The pathophysiology by which corticosteroids cause psychosis is not fully understood. Suppression of the hypothalamus-pituitary axis and enhanced dopamine neurotransmission has been postulated as a cause.9 Decreased hippocampal volume has been demonstrated in patients receiving chronic corticosteroid therapy for >6 months, leading some to suggest that the action of corticosteroids at steroid-specific receptors in the hippocampus results in a decreased ability to filter irrelevant stimuli.10,11 Risk factors for the development of steroid-induced psychosis are not known. A history of psychiatric illness and previous courses of corticosteroids had been hypothesized to increase risk, but both of these predictors appear to be unreliable.10 There are no reported associations between psychiatric disease or acute psychosis and the presence of CTFR mutations. Optimal treatment for patients presenting with steroid-induced psychiatric symptoms include dose reduction or discontinuation of steroid therapy and administration of lithium, valproic acid, neuroleptics, or atypical antipsychotics.12 Most patients will have improvement of symptoms within 2 weeks of initiation of treatment.

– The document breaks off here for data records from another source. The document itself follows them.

lemma gstep_swap_procs:
  assumes "gstep A B n c c'" and "i \<le> n" and "j \<le> n" and "tmpl A B i = tmpl A B j"
  shows "gstep A B n (swap_procs i j c) (swap_procs i j c')"
proof -
  let ?\<tau> = "transpose i j"
  have \<tau>_le: "?\<tau> p \<le> n" if "p \<le> n" for p
    using that assms(2,3) by (simp add: transpose_def)
  have \<tau>_tmpl: "tmpl A B (?\<tau> p) = tmpl A B p" for p
    using assms(4) by (simp add: transpose_def)
  have \<tau>_ne: "?\<tau> p \<noteq> q" if "p \<noteq> ?\<tau> q" for p q
    using that by auto
  from assms(1) obtain g where m: "cmov c \<le> n"
    and tr: "(cst c (cmov c), cinp c (cmov c), g, cst c' (cmov c)) \<in> tdelta (tmpl A B (cmov c))"
    and guard: "guard_sat n g (cst c) (cmov c)"
    and frame: "\<forall>p \<le> n. p \<noteq> cmov c \<longrightarrow> cst c' p = cst c p \<and> cinp c' p = cinp c p"
    unfolding gstep_def enabled_def by auto
  have "guard_sat n g (cst c \<circ> ?\<tau>) (?\<tau> (cmov c))"
    using guard \<tau>_le \<tau>_ne unfolding guard_sat_def by simp
  then have "enabled A B n (cst c \<circ> ?\<tau>) (cinp c \<circ> ?\<tau>) (?\<tau> (cmov c))
               (cst c (cmov c), cinp c (cmov c), g, cst c' (cmov c))"
    using tr \<tau>_le[OF m] \<tau>_tmpl unfolding enabled_def by simp
  moreover have "\<forall>p \<le> n. p \<noteq> ?\<tau> (cmov c) \<longrightarrow>
      cst c' (?\<tau> p) = cst c (?\<tau> p) \<and> cinp c' (?\<tau> p) = cinp c (?\<tau> p)"
    using frame \<tau>_le \<tau>_ne by simp
  ultimately show ?thesis
    using \<tau>_le[OF m] unfolding gstep_def by auto
qed
theorem proposition1:
  assumes "left_amenable TYPE('a::semigroup_mult)"
    and "complemented_in_bidual TYPE('b::banach)"
  shows "\<exists>M :: ('a \<Rightarrow> 'b) \<Rightarrow> 'b.
           bounded_linear_on_bfun M \<and>
           (\<forall>x. M (\<lambda>t. x) = x) \<and>
           (\<forall>f\<in>bfun. \<forall>s. M (ltrans f s) = M f)"
proof -
  obtain m :: "('a \<Rightarrow> real) \<Rightarrow> real" where m: "left_invariant_mean m"
    using assms(1) unfolding left_amenable_def by blast
  obtain R :: "(('b \<Rightarrow>\<^sub>L real) \<Rightarrow>\<^sub>L real) \<Rightarrow> 'b" where R: "bounded_linear R" "\<And>x. R (canon x) = x"
    using complemented_in_bidual_retraction[OF assms(2)] by blast
  let ?M = "\<lambda>f. R (weak_mean m f)"
  have "bounded_linear_on_bfun ?M"
    by (rule bounded_linear_on_bfun_comp_weak_mean[OF m R(1)])
  moreover have "?M (\<lambda>t. x) = x" for x
    by (simp add: weak_mean_const[OF m] R(2))
  moreover have "?M (ltrans f s) = ?M f" if "f \<in> bfun" for f s
    by (simp add: weak_mean_ltrans[OF m that])
  ultimately show ?thesis by blast
qed

end
(* Let $\Gamma=\sum_{j=1}^k w_j\delta_{\mu_j}$ be a $k$-atomic distribution on $\mathbb R^d$, and let $\Sigma=\mathbb E_{U\sim\Gamma}[UU^\top]=\sum_{j=1}^k w_j\mu_j\mu_j^\top$ with eigenvalues $\lambda_1\ge\dots\ge\lambda_d$. Let $\Sigma'$ be any symmetric $d\times d$ matrix and $\Pi'_r$ the orthogonal projection matrix onto the span of the top $r$ eigenvectors of $\Sigma'$. Then $$W_2^2(\Gamma,\Gamma_{\Pi'_r})\le k\big(\lambda_{r+1}+2\|\Sigma-\Sigma'\|_2\big).$$
   Context: For a $d\times d$ matrix $A$, $\Gamma_A$ denotes the law of $AU$ with $U\sim\Gamma$. $\|\cdot\|_2$ of a matrix is the spectral (operator) norm. $W_2(\Gamma,\Gamma')=(\inf\mathbb E\|U-U'\|_2^2)^{1/2}$ over couplings. Set $\lambda_{d+1}=0$ if $r=d$. *)

theory Defs
  imports "HOL-Analysis.Analysis" "HOL-Probability.Probability"
begin

definition outer :: "real^'n \<Rightarrow> real^'n \<Rightarrow> real^'n^'n" where
  "outer u v = (\<chi> i j. u $ i * v $ j)"

definition push_mat :: "real^'n^'n \<Rightarrow> (real^'n) pmf \<Rightarrow> (real^'n) pmf" where
  "push_mat A G = map_pmf (\<lambda>u. A *v u) G"

text \<open>2-Wasserstein distance between (discrete) distributions; couplings of
 discrete distributions are themselves discrete, so couplings are pmfs on pairs.\<close>
definition W2 :: "(real^'n) pmf \<Rightarrow> (real^'n) pmf \<Rightarrow> real" where
  "W2 p q = sqrt (Inf ((\<lambda>c. measure_pmf.expectation c (\<lambda>(x,y). (norm (x - y))\<^sup>2)) `
             {c. map_pmf fst c = p \<and> map_pmf snd c = q}))"

definition sorted_eigenbasis :: "real^'n^'n \<Rightarrow> (nat \<Rightarrow> real) \<Rightarrow> (nat \<Rightarrow> real^'n) \<Rightarrow> bool" where
  "sorted_eigenbasis A lam v \<longleftrightarrow>
     (\<forall>i<CARD('n). \<forall>j<CARD('n). v i \<bullet> v j = (if i = j then 1 else 0)) \<and>
     (\<forall>i<CARD('n). A *v v i = lam i *\<^sub>R v i) \<and>
     (\<forall>i j. i \<le> j \<longrightarrow> j < CARD('n) \<longrightarrow> lam j \<le> lam i)"

definition sorted_eigenvalues :: "real^'n^'n \<Rightarrow> (nat \<Rightarrow> real) \<Rightarrow> bool" where
  "sorted_eigenvalues A lam \<longleftrightarrow> (\<exists>v. sorted_eigenbasis A lam v)"

end

theory Submission
  imports Defs
begin

text \<open>For an atom \<open>a\<close> of \<open>\<Gamma>\<close> with weight \<open>w\<close>, the residual \<open>y = a - \<Pi>'\<^sub>r a\<close> is
  orthogonal to the top \<open>r\<close> eigenvectors of \<open>\<Sigma>'\<close> and satisfies \<open>a \<bullet> y = \<parallel>y\<parallel>\<^sup>2\<close>. Since
  \<open>\<Sigma> \<succeq> w a a\<^sup>T\<close>, we get \<open>w \<parallel>y\<parallel>\<^sup>4 = w (a \<bullet> y)\<^sup>2 \<le> y\<^sup>T \<Sigma> y \<le> y\<^sup>T \<Sigma>' y + \<epsilon> \<parallel>y\<parallel>\<^sup>2 \<le> (\<lambda>'\<^sub>r\<^sub>+\<^sub>1 + \<epsilon>) \<parallel>y\<parallel>\<^sup>2\<close>
  with \<open>\<epsilon> = \<parallel>\<Sigma> - \<Sigma>'\<parallel>\<^sub>2\<close>, and Weyl's inequality \<open>\<lambda>'\<^sub>r\<^sub>+\<^sub>1 \<le> \<lambda>\<^sub>r\<^sub>+\<^sub>1 + \<epsilon>\<close> gives
  \<open>w \<parallel>y\<parallel>\<^sup>2 \<le> \<lambda>\<^sub>r\<^sub>+\<^sub>1 + 2\<epsilon>\<close>. Coupling \<open>U\<close> with \<open>\<Pi>'\<^sub>r U\<close> and summing over the at most \<open>k\<close>
  atoms bounds \<open>W\<^sub>2\<^sup>2\<close>. Eigenvalues are indexed from 0, so \<open>\<lambda>\<^sub>r\<^sub>+\<^sub>1\<close> is \<open>lam r\<close>.\<close>

definition orthonormal_upto :: "nat \<Rightarrow> (nat \<Rightarrow> 'a::real_inner) \<Rightarrow> bool" where
  "orthonormal_upto n e \<longleftrightarrow> (\<forall>i<n. \<forall>j<n. e i \<bullet> e j = (if i = j then 1 else 0))"

lemma orthonormal_upto_mono: "orthonormal_upto n e \<Longrightarrow> m \<le> n \<Longrightarrow> orthonormal_upto m e"
  by (auto simp: orthonormal_upto_def)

As the patient in this case received a combination of corticosteroids and local anesthetic, it is important to note that local anesthetics have also been associated with psychological phenomena. Several cases of patients experiencing hallucinations following administration of lidocaine, procainamide, bupivacaine, mepivacaine, and procaine for the purpose of regional anesthesia, pain relief, or management of ectopies have been reported.13 However, the majority of these patients experienced vivid fear of imminent death or delusional beliefs of having died rather than overt psychosis.
It is important for endoscopists to be aware of the potential adverse side effects associated with steroid administration following EUS-guided CPB. While steroid-induced psychosis from EUS-guided CPB appears to be a rare entity, prompt recognition and treatment will help prevent further complications from untreated symptoms and repeated steroid administrations.
Author contributions: DC Olson wrote and revised the manuscript. JJ Lewis edited the manuscript and is the article guarantor.
Financial disclosure: None to report.
Informed consent was obtained for this case report.